Hypocrisy
Share:FacebookX

Hypocrisy

Tragedy and hypocrisy. A 9-month pregnant woman was caught in the middle of a gun fight on an MBTA train in Boston last night. read how the Boston Globe and others in the article go through verbal contortions to, on the one hand, express sympathy and report the reality that an innocent life was taken when her unborn child was killed, and on the other hand, try to remain consistent in their pro-abortion attitudes.

    The fetus of a 29-year-old passenger on the Orange Line died last night after the woman was shot by someone in a group of young men who were arguing as the train pulled into the Massachusetts Avenue station about 8 p.m., authorities said.

The fetus died? How can that be? It’s jus an undifferentiated glob of cells, although at nine months it looks amazingly like a baby. (As it does at 8 days, as well.)

    “This is an unbelievable tragedy,” Mayor Thomas M. Menino said last night. “It’s senseless and it frustrates you. You have a woman on a train and these people have no sense of life. Our prayers go out to that woman and her family and that poor baby.”

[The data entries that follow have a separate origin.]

(* In the setting described in the context, $\sup_{t\ge0}E\lVert\hat{x}(t)\rVert^2<\infty$.
   Context: Setting. $S$ is a compact metric space; $h:\mathbb{R}^d\times S\to\mathbb{R}^d$ is jointly continuous and there is $L>0$ with $\lVert h(x_1,y)-h(x_2,y)\rVert\le L\lVert x_1-x_2\rVert$ for all $x_1,x_2,y$. Step sizes $a(n)>0$ satisfy $\sum_n a(n)=\infty$, $\sum_n a(n)^2<\infty$, $\sup_n a(n)\le1$. On a probability space with filtration $\{\mathcal{F}_n\}$, $\{y_n\}_{n\ge0}$ is an $S$-valued adapted process, $x_0$ is $\mathcal{F}_0$-measurable, $\{M_n\}_{n\ge1}$ is a square-integrable martingale difference sequence ($M_{n+1}$ is $\mathcal{F}_{n+1}$-measurable, $E[M_{n+1}\mid\mathcal{F}_n]=0$) with $E[\lVert M_{n+1}\rVert^2\mid\mathcal{F}_n]\le K(1+\lVert x_n\rVert^2)$ for some constant $K>0$, and $x_{n+1}=x_n+a(n)[h(x_n,y_n)+M_{n+1}]$. For $c\ge1$, $h_c(x,y):=h(cx,y)/c$. Rescaled trajectory. Fix $T>0$. Let $t(0)=0$, $t(n)=\sum_{i=0}^{n-1}a(i)$; let $\bar x$ be the piecewise linear interpolation with $\bar x(t(n))=x_n$, linear on each $[t(n),t(n+1)]$. Let $T_0=0$, $T_n=\min\{t(m):t(m)\ge T_{n-1}+T\}$, and $m(n)$ the index with $t(m(n))=T_n$. Let $r(n)=\lVert\bar x(T_n)\rVert\vee1$ and, for $t\in[T_n,T_{n+1})$, $\hat x(t)=\bar x(t)/r(n)$; let $\hat M_{k+1}=M_{k+1}/r(n)$ when $t(k)\in[T_n,T_{n+1})$. *)

theory Defs
  imports "HOL-Probability.Probability"
begin
theorem lemma9p16:
  fixes m p q :: nat and s1 s2 s3 s4 :: complex
  assumes "m \<ge> 2" and "m mod 4 \<noteq> 2" and "p > 0" and "q > 0"
    and "rat_lin_indep4 (zeta m ^ p) (inverse (zeta m ^ p)) (zeta m ^ q) (inverse (zeta m ^ q))"
    and "s1 \<in> {1, -1}" and "s2 \<in> {1, -1}" and "s3 \<in> {1, -1}" and "s4 \<in> {1, -1}"
  shows "\<not> algebraic_int
           ((s1 * zeta m ^ p + s2 * inverse (zeta m ^ p) + s3 * zeta m ^ q + s4 * inverse (zeta m ^ q)) / 2)"
proof
  define x where "x = zeta m ^ p"
  define y where "y = zeta m ^ q"
  assume "algebraic_int
           ((s1 * zeta m ^ p + s2 * inverse (zeta m ^ p) + s3 * zeta m ^ q + s4 * inverse (zeta m ^ q)) / 2)"
  then have signed: "algebraic_int ((s1 * x + s2 * inverse x + s3 * y + s4 * inverse y) / 2)"
    by (simp add: x_def y_def)
  have "m > 0"
    using assms(1) by simp
  have "zeta m ^ m = 1"
    using \<open>m > 0\<close> by (simp add: zeta_def DeMoivre)
  then have "x ^ m = 1" "y ^ m = 1"
    unfolding x_def y_def by (metis power_mult mult.commute power_one)+
  then have roots: "x ^ m = 1" "y ^ m = 1" "inverse x ^ m = 1" "inverse y ^ m = 1"
    by (simp_all add: power_inverse)
  then have "algebraic_int x" "algebraic_int (inverse x)" "algebraic_int y" "algebraic_int (inverse y)"
    using algebraic_int_root_of_unity[OF _ \<open>m > 0\<close>] by blast+
  then have "algebraic_int ((x + inverse x + y + inverse y) / 2)"
    by (rule algebraic_int_half_sum_sign_change[OF _ _ _ _ assms(6-9) signed])
  moreover have "rat_lin_indep4 x (inverse x) y (inverse y)"
    using assms(5) by (simp add: x_def y_def)
  ultimately show False
    using not_algebraic_int_half_sum_roots_of_unity_inverses roots(1,2) \<open>m > 0\<close> by blast
qed

end
(* Let $h(p):=-s_\phi(p,p)$, $C:=\mathbb{E}[Q\mid S]$, $\mathrm{GL}(S):=\mathbb{E}[d_\phi(C,Q)]$, let $S_B$ be a binned version of $S$, and let $\mathscr{R}:\mathcal{X}\to\mathbb{N}$ be a partition of the feature space (write $\mathscr{R}$ for $\mathscr{R}(X)$). Define $\mathrm{GL}_{\mathrm{explained}}(S_B):=\mathbb{E}[\mathrm{Var}_h(\mathbb{E}[Q\mid S_B,\mathscr{R}]\mid S_B)]$, $\mathrm{GL}_{\mathrm{residual}}(S_B):=\mathbb{E}[\mathrm{Var}_h(Q\mid S_B,\mathscr{R})]$ and $\mathrm{GL}_{\mathrm{induced}}(S,S_B):=\mathbb{E}[\mathrm{Var}_h(C\mid S_B)]$. Then $$\mathrm{GL}(S)=\mathrm{GL}_{\mathrm{explained}}(S_B)-\mathrm{GL}_{\mathrm{induced}}(S,S_B)+\mathrm{GL}_{\mathrm{residual}}(S_B).$$ If the scoring rule is proper, then $\mathrm{GL}(S)\ge \mathrm{GL}_{\mathrm{explained}}(S_B)-\mathrm{GL}_{\mathrm{induced}}(S,S_B)$.
   Context: Let $(X,Y)$ be jointly distributed with $X\in\mathcal{X}$ and $Y\in\{e_1,\dots,e_K\}$ (one-hot vectors of $\mathbb{R}^K$); $\Delta_K$ is the probability simplex; $Q\in\Delta_K$ with $Q_k:=P(Y=e_k\mid X)$; $S=f(X)\in\Delta_K$ for a classifier $f$. A scoring rule is $\phi:\Delta_K\times\{e_1,\dots,e_K\}\to\mathbb{R}$, with $s_\phi(P,q):=\sum_k\phi(P,e_k)q_k$ and $d_\phi(P,q):=s_\phi(P,q)-s_\phi(q,q)$; $\phi$ is proper if $d_\phi\ge0$. For $f:\mathbb{R}^d\to\mathbb{R}$, $\mathrm{Var}_f(U\mid V):=\mathbb{E}[f(U)\mid V]-f(\mathbb{E}[U\mid V])$. Binned classifier: given a partition $\{\mathcal{B}_j\}_{1\le j\le J}$ of $\Delta_K$, $S_B$ equals $\mathbb{E}[S\mid S\in\mathcal{B}_j]$ on $\{S\in\mathcal{B}_j\}$. All required expectations are assumed to exist. *)

theory Defs
  imports "HOL-Probability.Probability"
begin

text \<open>Vectors of R^K are modelled as real^'k with 'k a finite index type (K = CARD('k)).
  The one-hot vector e_k is axis k 1.  A scoring rule phi(P, e_k) is modelled as
  phi P k.\<close>

definition prob_simplex :: "(real^'k) set" where
  "prob_simplex = {p. (\<forall>i. 0 \<le> p $ i) \<and> (\<Sum>i\<in>UNIV. p $ i) = 1}"

definition s_phi :: "(real^'k \<Rightarrow> 'k \<Rightarrow> real) \<Rightarrow> real^'k \<Rightarrow> real^'k \<Rightarrow> real" where
  "s_phi phi P q = (\<Sum>k\<in>UNIV. phi P k * q $ k)"

definition d_phi :: "(real^'k \<Rightarrow> 'k \<Rightarrow> real) \<Rightarrow> real^'k \<Rightarrow> real^'k \<Rightarrow> real" where
  "d_phi phi P q = s_phi phi P q - s_phi phi q q"

definition proper_rule :: "(real^'k \<Rightarrow> 'k \<Rightarrow> real) \<Rightarrow> bool" where
  "proper_rule phi = (\<forall>P\<in>prob_simplex. \<forall>q\<in>prob_simplex. 0 \<le> d_phi phi P q)"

Really Mr. Mayor? Then why isn’t it a tragedy when a woman in abortion clinic has her baby ripped from her womb?

My question is what would their reaction be if the woman was on her way to an abortion clinic for a partial-birth abortion? Would it be, “Oh it’s too bad she got shot, but she didn’t want it anyway?”

My point is that most pro-choicers do the intellectually impossible—they hold two contradictory ideas in their heads. Upon encountering a pregnant woman, they are paralyzed for a moment until they have determined whether it’s a wanted child or not. If not, then they offer their sympathy and check the mental box that says “fetus, clump of cells,” but if the child is wanted then they check the box that says “baby, unborn” and offer their congratulations. In other words we have a national case of schizophrenia over abortion. Our instincts (i.e. the natural law) tell us that we should protect and cherish the pregnant mother and unborn child, but selfishness and materialism and secular humanism tell us that the child is insignificant and subordinate to the woman, mainly because we can’t see him. I often wonder how things would be different if a woman’s belly was transparent. Besides being really gross, I’m convinced it would mean the quick end of abortion.

The reality is that we’re a world of doubting Thomases. If we cannot see it, if we cannot experience empirically, we do not believe. The sad thing is that aborting mothers can feel it, but not see it, and they don’t believe either.